BEGIN Records provided
text \<open>0-based position q of the first common vertex of two simultaneously
  traversed vertex sequences (paper's k* = q + 1).\<close>
definition ins_pos :: "'v list \<Rightarrow> 'v list \<Rightarrow> nat option" where
  "ins_pos vs ws = (if \<exists>q. q < length vs \<and> q < length ws \<and> vs ! q = ws ! q
     then Some (LEAST q. q < length vs \<and> q < length ws \<and> vs ! q = ws ! q) else None)"

text \<open>ins(p1,p2), None standing for the empty set.\<close>
definition ins :: "cedge list \<Rightarrow> cedge list \<Rightarrow> cvert option" where
  "ins p1 p2 = map_option (\<lambda>q. walk_verts p1 ! q) (ins_pos (walk_verts p1) (walk_verts p2))"

text \<open>Pins(p1 \ p2): the initial subwalk of p1 up to the intersection vertex
  (as a list of edges, so that its color index is defined).\<close>
definition Pins :: "cedge list \<Rightarrow> cedge list \<Rightarrow> cedge list" where
  "Pins p1 p2 = take (the (ins_pos (walk_verts p1) (walk_verts p2))) p1"

datatype mvert =
    MX nat nat nat nat       \<comment> \<open>MX k t j i = x^{kt}_{ji}\<close>
  | MU nat nat nat nat nat   \<comment> \<open>MU k t j l i = u^{kt}_{j,li}\<close>

definition mdg_vertices ::
  "nat \<Rightarrow> nat \<Rightarrow> (nat \<Rightarrow> nat) \<Rightarrow> nat \<Rightarrow> mvert set" where
  "mdg_vertices N n m lbar =
     {MX 0 0 p 0 | p. p \<in> {1..n}}
   \<union> {MU 0 0 k j 0 | k j. j \<in> {1..N} \<and> k \<in> {1..m j}}
   \<union> {MX k t j i | k t j i. 1 \<le> i \<and> i \<le> lbar \<and> j \<in> {1..n} \<and> k \<in> {1..N} \<and> t \<in> {1..N^(i-1)}}
   \<union> {MU k t j l i | k t j l i. 1 \<le> i \<and> i \<le> lbar \<and> k \<in> {1..N} \<and> l \<in> {1..N}
        \<and> j \<in> {1..m l} \<and> t \<in> {1..N^(i-1)}}"

definition mdg_edges ::
  "nat \<Rightarrow> nat \<Rightarrow> (nat \<Rightarrow> nat) \<Rightarrow> (nat \<Rightarrow> nat \<Rightarrow> nat \<Rightarrow> real) \<Rightarrow> (nat \<Rightarrow> nat \<Rightarrow> nat \<Rightarrow> real) \<Rightarrow> nat
   \<Rightarrow> (mvert \<times> mvert) set" where
  "mdg_edges N n m A B lbar =
     {(MU 0 0 k j 0, MX 0 0 q 0) | k j q. j \<in> {1..N} \<and> k \<in> {1..m j} \<and> q \<in> {1..n} \<and> B j q k \<noteq> 0}
   \<union> {(MU k t j l i, MX k t q i) | k t j l i q. 1 \<le> i \<and> i \<le> lbar \<and> k \<in> {1..N} \<and> l \<in> {1..N}
        \<and> j \<in> {1..m l} \<and> t \<in> {1..N^(i-1)} \<and> q \<in> {1..n} \<and> B l q j \<noteq> 0}
   \<union> {(MX k 1 j 1, MX 0 0 p 0) | k j p. 1 \<le> lbar \<and> k \<in> {1..N} \<and> j \<in> {1..n} \<and> p \<in> {1..n}
        \<and> A k p j \<noteq> 0}
   \<union> {(MX k t j i, MX k' t' p (i - 1)) | k t j i k' t' p. 2 \<le> i \<and> i \<le> lbar \<and> k \<in> {1..N}
        \<and> k' \<in> {1..N} \<and> t' \<in> {1..N^(i-2)} \<and> t = (k' - 1) * N^(i-2) + t'
        \<and> j \<in> {1..n} \<and> p \<in> {1..n} \<and> A k p j \<noteq> 0}"

text \<open>P is the MDG-path of the input-state walk p in the MDG with lbar layers:
  a path of the MDG of the prescribed form (copy indices t left free, i.e.
  determined by the edge structure).\<close>
definition is_mdg_path_of ::
  "nat \<Rightarrow> nat \<Rightarrow> (nat \<Rightarrow> nat) \<Rightarrow> (nat \<Rightarrow> nat \<Rightarrow> nat \<Rightarrow> real) \<Rightarrow> (nat \<Rightarrow> nat \<Rightarrow> nat \<Rightarrow> real) \<Rightarrow> nat
   \<Rightarrow> cedge list \<Rightarrow> mvert list \<Rightarrow> bool" where
  "is_mdg_path_of N n m A B lbar p P \<longleftrightarrow>
     length P = Suc (length p) \<and>
     set P \<subseteq> mdg_vertices N n m lbar \<and>
     (\<forall>s < length p. (P ! s, P ! Suc s) \<in> mdg_edges N n m A B lbar) \<and>
     (\<exists>l q. etail (p ! 0) = U l q \<and>
        (if length p = 1 then P ! 0 = MU 0 0 q l 0
         else (\<exists>t. P ! 0 = MU (ecol (p ! 1)) t q l (length p - 1)))) \<and>
     (\<forall>s. 1 \<le> s \<and> s < length p \<longrightarrow>
        (\<exists>t j. ehead (p ! (s - 1)) = X j \<and> P ! s = MX (ecol (p ! s)) t j (length p - s))) \<and>
     (\<exists>j. ehead (p ! (length p - 1)) = X j \<and> P ! length p = MX 0 0 j 0)"

end

theory Submission
  imports Defs
begin

(* A state vertex at position s of an MDG-path lies in layer |p| - s, the number of edges of the
   walk still to come, and at such a vertex x^{kt}_{jL} the colour k together with the copy index t
   encodes in base N the colours of the last L edges of the walk; at the input vertex the same
   holds for the whole walk.  So if two MDG-paths share a vertex, the two walks pass through a
   common vertex at the same distance R from their ends and have identical colour sequences from
   there on.  On the reversed walks this common vertex is reached simultaneously at step R, hence
   the first simultaneous intersection happens no later, and both Pins prefixes carry the same
   colour index; both alternatives of the hypothesis are thus violated. *)

lemma length_walk_verts [simp]: "length (walk_verts p) = Suc (length p)"
  by (simp add: walk_verts_def)

lemma nth_walk_verts:
  "p \<noteq> [] \<Longrightarrow> walk_verts p ! 0 = etail (p ! 0)"
  "0 < s \<Longrightarrow> s \<le> length p \<Longrightarrow> walk_verts p ! s = ehead (p ! (s - 1))"
  by (simp_all add: walk_verts_def hd_conv_nth nth_Cons')

lemma walk_input_edge_color:
  assumes "is_walk N n m A B p" "etail (p ! 0) = U l q"
  shows "ecol (p ! 0) = l"
proof -
  have "p ! 0 \<in> cug_edges N n m A B"
    using assms(1) unfolding is_walk_def by auto
  then show ?thesis
    using assms(2) unfolding cug_edges_def etail_def ecol_def by auto
qed

lemma drop_color_index_Suc:
  "s < length p \<Longrightarrow> drop s (color_index p) = ecol (p ! s) # drop (Suc s) (color_index p)"
  unfolding color_index_def by (metis Cons_nth_drop_Suc drop_map list.simps(9))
END Records provided
To do:
Check all the records above and select each line where the string "None" is found.

Written answer:
     then Some (LEAST q. q < length vs \<and> q < length ws \<and> vs ! q = ws ! q) else None)"
text \<open>ins(p1,p2), None standing for the empty set.\<close>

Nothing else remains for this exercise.